Source material Block Start

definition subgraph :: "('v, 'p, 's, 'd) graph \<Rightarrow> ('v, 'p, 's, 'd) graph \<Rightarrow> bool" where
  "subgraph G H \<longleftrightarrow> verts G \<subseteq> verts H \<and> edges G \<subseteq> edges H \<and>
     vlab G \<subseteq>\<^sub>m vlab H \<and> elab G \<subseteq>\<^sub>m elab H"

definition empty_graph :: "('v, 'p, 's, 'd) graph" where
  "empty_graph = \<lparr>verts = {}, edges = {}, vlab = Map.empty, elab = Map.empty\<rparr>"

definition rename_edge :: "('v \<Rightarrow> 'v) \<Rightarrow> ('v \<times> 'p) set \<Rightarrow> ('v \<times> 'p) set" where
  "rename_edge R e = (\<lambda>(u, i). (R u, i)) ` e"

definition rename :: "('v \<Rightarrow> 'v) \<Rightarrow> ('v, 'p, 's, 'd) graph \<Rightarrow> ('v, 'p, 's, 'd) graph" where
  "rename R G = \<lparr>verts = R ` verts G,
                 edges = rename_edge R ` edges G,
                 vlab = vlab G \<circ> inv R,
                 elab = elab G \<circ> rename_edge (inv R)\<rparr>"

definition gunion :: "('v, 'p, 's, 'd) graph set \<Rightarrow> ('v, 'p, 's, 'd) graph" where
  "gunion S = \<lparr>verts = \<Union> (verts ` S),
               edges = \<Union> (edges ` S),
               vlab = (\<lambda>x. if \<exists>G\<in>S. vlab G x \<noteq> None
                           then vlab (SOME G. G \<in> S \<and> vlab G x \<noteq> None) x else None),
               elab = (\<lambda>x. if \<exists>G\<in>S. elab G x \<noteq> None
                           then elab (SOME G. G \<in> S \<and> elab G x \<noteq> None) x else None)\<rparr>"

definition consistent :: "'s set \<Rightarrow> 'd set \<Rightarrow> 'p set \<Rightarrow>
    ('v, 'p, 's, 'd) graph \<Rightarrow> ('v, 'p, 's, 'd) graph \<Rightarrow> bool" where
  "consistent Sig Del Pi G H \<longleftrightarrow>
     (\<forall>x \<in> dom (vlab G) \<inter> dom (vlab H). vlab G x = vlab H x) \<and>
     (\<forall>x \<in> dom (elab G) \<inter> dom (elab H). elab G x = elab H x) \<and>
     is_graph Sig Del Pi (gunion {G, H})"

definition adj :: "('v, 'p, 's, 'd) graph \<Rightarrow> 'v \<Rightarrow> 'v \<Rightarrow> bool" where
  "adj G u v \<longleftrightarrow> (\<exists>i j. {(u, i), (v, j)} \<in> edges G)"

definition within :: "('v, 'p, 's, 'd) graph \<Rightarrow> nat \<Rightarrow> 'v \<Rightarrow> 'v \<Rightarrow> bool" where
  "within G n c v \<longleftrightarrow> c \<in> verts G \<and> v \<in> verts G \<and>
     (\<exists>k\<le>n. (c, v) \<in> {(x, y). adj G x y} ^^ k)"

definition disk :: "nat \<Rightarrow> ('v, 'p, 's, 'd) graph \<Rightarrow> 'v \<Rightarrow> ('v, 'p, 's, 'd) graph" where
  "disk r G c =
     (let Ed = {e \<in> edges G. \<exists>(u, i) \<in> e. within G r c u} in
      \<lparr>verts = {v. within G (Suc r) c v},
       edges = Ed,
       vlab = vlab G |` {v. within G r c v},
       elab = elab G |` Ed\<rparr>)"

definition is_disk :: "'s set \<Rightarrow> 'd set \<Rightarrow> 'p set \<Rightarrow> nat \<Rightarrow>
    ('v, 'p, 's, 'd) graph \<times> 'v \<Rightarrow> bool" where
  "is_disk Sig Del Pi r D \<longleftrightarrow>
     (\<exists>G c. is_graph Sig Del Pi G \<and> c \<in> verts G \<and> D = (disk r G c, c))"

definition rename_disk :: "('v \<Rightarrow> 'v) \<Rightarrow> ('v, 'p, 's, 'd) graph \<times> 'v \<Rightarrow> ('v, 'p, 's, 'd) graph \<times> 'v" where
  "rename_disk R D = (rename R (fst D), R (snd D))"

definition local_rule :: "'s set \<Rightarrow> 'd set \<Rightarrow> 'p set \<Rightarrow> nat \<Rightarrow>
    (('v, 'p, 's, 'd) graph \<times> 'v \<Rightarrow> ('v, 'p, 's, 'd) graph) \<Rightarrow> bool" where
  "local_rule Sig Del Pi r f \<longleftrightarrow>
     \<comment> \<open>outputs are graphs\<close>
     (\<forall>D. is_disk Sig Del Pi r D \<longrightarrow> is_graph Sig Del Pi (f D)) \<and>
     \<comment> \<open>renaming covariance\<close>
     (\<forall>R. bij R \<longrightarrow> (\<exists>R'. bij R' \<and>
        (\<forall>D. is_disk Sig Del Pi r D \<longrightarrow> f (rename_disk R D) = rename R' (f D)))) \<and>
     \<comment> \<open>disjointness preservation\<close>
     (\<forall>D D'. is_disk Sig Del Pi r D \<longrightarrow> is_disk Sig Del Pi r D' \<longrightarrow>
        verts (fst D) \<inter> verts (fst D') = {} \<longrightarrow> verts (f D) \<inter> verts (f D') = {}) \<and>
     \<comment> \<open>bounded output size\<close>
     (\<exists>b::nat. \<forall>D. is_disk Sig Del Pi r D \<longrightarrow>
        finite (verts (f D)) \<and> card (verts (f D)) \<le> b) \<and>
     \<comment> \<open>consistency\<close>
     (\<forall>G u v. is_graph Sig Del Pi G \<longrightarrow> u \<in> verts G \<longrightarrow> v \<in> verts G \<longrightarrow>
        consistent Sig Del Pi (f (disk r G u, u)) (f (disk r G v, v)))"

Source material Block End
Source material Block Start

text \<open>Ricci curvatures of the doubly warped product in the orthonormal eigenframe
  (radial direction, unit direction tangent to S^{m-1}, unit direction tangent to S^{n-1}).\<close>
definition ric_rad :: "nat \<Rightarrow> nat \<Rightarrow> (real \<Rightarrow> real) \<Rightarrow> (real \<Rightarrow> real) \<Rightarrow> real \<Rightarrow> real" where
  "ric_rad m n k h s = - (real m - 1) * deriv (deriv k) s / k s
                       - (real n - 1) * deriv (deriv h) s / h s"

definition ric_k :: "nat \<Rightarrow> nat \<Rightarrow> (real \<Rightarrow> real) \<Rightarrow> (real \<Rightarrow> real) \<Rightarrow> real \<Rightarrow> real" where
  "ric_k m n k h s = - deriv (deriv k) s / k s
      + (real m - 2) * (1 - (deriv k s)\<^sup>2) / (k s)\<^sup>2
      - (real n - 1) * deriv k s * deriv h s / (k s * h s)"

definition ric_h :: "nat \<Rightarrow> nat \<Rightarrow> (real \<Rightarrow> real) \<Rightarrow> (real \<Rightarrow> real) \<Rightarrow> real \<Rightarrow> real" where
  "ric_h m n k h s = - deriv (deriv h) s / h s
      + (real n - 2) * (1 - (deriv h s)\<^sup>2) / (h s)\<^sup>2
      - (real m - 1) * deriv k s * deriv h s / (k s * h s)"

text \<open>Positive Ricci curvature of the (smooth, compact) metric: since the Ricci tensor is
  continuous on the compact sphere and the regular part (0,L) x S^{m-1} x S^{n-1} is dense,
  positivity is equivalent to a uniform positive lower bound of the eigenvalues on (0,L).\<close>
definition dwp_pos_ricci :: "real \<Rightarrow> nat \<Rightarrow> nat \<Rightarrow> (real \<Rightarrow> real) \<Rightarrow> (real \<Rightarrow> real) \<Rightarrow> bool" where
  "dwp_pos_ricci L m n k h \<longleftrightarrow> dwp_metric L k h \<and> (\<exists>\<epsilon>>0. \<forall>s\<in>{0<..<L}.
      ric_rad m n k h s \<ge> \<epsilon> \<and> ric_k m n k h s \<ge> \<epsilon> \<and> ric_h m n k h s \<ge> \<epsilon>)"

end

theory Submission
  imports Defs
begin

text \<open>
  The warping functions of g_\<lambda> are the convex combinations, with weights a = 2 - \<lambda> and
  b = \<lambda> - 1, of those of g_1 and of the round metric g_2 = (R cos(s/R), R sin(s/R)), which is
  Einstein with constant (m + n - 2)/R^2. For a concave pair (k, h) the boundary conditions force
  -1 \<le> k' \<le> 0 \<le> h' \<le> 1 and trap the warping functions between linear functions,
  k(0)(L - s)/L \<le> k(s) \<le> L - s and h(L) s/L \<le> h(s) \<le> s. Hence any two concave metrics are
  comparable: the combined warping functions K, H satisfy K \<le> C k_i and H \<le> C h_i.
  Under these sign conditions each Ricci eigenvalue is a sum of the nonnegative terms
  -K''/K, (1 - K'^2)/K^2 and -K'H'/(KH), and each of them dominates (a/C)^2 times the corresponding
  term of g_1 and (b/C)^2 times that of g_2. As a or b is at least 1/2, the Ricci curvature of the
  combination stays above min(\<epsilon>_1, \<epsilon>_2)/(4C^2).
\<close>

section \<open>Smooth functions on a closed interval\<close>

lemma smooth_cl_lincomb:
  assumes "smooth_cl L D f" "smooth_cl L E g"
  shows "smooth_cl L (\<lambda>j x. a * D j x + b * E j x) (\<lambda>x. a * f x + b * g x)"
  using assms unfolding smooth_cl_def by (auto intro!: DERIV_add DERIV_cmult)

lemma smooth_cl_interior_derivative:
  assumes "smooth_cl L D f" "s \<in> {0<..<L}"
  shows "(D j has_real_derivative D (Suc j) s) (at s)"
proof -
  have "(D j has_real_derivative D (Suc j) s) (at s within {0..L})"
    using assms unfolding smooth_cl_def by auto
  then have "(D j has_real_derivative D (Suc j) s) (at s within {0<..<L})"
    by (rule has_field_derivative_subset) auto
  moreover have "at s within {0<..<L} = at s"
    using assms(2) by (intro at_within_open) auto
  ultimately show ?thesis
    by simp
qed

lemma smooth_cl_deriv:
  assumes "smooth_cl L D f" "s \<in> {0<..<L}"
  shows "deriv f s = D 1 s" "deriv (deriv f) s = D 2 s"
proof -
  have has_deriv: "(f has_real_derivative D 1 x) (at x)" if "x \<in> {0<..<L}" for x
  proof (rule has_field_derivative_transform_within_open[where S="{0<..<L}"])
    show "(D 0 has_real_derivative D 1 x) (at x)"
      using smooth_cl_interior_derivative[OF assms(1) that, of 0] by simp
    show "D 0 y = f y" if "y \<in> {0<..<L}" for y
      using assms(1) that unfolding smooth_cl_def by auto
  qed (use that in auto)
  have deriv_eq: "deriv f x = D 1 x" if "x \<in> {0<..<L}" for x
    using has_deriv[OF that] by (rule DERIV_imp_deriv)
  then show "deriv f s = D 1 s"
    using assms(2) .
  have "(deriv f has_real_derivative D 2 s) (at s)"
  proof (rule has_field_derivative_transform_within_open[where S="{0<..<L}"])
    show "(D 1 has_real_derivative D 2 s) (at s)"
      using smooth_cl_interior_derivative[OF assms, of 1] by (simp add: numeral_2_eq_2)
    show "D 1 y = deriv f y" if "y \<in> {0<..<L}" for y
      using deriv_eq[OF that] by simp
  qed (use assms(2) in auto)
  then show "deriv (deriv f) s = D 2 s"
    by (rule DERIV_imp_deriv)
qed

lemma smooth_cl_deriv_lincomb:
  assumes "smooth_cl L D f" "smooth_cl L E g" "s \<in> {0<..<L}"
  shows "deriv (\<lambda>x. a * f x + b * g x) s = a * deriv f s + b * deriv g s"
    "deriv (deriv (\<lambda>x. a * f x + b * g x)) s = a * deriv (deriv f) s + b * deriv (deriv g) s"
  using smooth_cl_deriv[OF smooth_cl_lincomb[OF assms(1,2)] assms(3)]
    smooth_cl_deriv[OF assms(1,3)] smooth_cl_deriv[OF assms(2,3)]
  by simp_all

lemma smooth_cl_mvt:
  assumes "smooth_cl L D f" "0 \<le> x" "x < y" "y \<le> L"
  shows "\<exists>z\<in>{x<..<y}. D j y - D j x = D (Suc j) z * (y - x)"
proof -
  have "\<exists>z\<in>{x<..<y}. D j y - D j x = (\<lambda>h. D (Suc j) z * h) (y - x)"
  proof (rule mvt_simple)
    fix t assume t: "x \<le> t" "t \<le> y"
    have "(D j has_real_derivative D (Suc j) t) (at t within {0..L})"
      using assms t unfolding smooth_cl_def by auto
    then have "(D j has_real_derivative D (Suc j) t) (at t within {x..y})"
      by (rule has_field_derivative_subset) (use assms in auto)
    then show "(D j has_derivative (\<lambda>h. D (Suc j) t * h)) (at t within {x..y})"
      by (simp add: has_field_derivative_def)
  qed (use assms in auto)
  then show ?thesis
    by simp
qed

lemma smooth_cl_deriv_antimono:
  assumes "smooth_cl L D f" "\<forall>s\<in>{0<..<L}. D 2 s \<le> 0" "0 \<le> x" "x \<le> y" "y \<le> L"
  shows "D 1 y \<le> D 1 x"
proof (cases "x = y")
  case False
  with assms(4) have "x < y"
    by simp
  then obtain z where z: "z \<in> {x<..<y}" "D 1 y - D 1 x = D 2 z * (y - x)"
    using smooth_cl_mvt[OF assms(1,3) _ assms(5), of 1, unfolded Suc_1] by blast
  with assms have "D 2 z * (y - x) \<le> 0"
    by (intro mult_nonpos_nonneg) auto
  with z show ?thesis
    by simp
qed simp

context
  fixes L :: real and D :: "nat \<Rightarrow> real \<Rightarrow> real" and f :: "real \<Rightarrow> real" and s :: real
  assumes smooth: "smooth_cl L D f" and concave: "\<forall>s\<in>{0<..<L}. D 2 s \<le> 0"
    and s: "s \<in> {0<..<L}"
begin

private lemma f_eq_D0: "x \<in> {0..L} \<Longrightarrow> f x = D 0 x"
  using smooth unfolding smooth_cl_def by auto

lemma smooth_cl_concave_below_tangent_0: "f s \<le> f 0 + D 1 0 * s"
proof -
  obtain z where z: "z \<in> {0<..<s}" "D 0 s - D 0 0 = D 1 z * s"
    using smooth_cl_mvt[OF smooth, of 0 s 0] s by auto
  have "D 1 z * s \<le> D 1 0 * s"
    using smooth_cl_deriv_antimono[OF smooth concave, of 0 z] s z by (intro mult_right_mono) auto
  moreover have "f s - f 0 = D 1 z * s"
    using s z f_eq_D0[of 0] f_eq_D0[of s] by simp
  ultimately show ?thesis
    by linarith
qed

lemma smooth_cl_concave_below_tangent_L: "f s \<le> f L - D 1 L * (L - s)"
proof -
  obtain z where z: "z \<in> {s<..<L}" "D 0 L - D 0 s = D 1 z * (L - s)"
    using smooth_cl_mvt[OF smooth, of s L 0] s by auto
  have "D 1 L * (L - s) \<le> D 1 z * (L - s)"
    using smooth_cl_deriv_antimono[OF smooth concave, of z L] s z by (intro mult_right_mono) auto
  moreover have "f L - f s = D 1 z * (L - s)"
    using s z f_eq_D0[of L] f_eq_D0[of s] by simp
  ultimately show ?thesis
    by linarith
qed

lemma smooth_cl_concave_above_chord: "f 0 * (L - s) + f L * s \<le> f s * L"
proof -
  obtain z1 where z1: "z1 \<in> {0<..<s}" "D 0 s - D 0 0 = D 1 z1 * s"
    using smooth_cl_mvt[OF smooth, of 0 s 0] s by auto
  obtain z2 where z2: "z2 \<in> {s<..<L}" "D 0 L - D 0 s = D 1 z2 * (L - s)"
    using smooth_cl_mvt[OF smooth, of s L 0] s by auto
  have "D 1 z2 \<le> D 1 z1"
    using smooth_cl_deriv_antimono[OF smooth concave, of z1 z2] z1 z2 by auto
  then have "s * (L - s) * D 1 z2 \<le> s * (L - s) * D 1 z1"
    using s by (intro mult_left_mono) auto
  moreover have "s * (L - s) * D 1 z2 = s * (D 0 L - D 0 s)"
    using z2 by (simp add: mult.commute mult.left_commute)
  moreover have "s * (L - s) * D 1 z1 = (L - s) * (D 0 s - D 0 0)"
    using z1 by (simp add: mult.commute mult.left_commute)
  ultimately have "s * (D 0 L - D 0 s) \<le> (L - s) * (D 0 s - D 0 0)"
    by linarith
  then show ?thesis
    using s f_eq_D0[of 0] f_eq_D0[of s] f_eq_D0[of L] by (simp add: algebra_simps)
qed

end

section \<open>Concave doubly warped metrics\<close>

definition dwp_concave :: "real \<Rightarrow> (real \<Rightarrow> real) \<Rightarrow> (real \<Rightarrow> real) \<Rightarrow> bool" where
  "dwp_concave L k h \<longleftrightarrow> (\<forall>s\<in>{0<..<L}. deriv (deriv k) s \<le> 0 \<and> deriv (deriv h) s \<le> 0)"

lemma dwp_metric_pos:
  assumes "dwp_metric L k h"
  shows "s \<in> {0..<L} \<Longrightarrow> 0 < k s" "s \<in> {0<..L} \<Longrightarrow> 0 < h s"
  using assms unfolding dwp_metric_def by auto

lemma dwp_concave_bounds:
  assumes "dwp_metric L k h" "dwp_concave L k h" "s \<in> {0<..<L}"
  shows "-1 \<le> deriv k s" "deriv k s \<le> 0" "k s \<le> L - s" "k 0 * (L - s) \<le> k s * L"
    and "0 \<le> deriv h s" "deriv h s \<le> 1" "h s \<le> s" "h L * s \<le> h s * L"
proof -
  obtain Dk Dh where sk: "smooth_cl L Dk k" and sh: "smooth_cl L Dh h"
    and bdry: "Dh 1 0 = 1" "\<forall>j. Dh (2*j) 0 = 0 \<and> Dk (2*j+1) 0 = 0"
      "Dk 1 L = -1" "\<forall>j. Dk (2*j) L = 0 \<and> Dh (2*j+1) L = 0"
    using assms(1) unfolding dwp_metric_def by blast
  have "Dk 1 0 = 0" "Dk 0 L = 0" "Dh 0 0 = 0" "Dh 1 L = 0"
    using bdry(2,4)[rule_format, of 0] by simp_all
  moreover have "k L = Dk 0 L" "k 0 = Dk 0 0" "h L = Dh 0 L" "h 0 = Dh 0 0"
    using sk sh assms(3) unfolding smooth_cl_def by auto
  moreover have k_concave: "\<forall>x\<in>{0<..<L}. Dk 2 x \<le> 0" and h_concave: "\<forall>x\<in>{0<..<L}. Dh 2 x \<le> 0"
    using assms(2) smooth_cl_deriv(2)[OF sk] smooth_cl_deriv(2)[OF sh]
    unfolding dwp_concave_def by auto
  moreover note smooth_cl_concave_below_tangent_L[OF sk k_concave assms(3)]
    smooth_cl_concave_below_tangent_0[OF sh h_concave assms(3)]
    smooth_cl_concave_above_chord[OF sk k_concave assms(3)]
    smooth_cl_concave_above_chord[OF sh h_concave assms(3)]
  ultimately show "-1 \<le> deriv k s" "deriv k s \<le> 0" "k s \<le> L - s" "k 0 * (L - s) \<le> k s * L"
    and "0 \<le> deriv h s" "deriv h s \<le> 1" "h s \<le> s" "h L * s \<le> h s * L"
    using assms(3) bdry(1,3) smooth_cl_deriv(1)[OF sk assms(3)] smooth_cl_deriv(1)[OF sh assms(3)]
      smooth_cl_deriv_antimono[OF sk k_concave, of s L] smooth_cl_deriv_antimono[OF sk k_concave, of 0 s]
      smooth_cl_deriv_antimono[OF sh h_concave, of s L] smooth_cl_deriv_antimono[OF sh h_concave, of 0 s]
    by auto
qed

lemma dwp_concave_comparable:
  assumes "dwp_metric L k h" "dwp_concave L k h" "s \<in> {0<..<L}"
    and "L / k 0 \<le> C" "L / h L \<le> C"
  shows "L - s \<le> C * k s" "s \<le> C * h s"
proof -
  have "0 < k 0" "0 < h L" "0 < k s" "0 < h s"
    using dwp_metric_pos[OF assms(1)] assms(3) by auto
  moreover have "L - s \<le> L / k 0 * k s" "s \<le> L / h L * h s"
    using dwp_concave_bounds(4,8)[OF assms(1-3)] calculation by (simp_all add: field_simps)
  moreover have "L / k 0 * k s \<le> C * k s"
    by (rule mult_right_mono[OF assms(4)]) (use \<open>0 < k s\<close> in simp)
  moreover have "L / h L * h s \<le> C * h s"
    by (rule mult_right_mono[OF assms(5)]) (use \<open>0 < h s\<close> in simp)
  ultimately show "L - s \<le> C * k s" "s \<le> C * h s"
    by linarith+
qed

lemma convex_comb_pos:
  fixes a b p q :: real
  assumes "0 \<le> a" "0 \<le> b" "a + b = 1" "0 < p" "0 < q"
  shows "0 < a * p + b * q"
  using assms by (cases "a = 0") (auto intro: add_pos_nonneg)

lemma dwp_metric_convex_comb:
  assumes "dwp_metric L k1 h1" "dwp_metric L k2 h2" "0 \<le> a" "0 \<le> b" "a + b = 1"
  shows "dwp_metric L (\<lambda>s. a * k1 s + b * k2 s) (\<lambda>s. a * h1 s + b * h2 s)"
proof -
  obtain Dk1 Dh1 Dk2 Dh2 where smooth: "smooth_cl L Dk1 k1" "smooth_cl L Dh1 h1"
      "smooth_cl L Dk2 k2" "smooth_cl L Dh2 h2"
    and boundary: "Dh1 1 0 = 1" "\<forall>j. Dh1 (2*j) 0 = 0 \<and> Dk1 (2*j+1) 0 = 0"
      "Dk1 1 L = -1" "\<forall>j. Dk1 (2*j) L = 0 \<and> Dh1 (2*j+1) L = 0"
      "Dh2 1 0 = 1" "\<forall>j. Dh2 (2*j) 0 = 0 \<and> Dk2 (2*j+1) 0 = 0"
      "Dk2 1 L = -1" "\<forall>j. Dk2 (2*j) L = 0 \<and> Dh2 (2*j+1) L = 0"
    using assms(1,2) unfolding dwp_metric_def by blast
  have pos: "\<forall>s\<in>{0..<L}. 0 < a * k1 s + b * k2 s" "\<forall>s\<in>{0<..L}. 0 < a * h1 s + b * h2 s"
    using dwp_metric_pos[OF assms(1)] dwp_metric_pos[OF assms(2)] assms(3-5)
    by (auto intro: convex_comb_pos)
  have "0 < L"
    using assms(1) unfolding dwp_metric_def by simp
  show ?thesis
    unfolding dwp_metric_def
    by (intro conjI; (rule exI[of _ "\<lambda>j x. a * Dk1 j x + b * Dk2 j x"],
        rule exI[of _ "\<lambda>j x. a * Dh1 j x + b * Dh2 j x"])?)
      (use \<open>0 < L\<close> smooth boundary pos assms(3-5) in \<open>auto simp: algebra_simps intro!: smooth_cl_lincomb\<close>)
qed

Source material Block End

What the exercise asks:
Throughout the listing above, how many lines hold the word "shows"? Answer with only the number.

Answer area:
11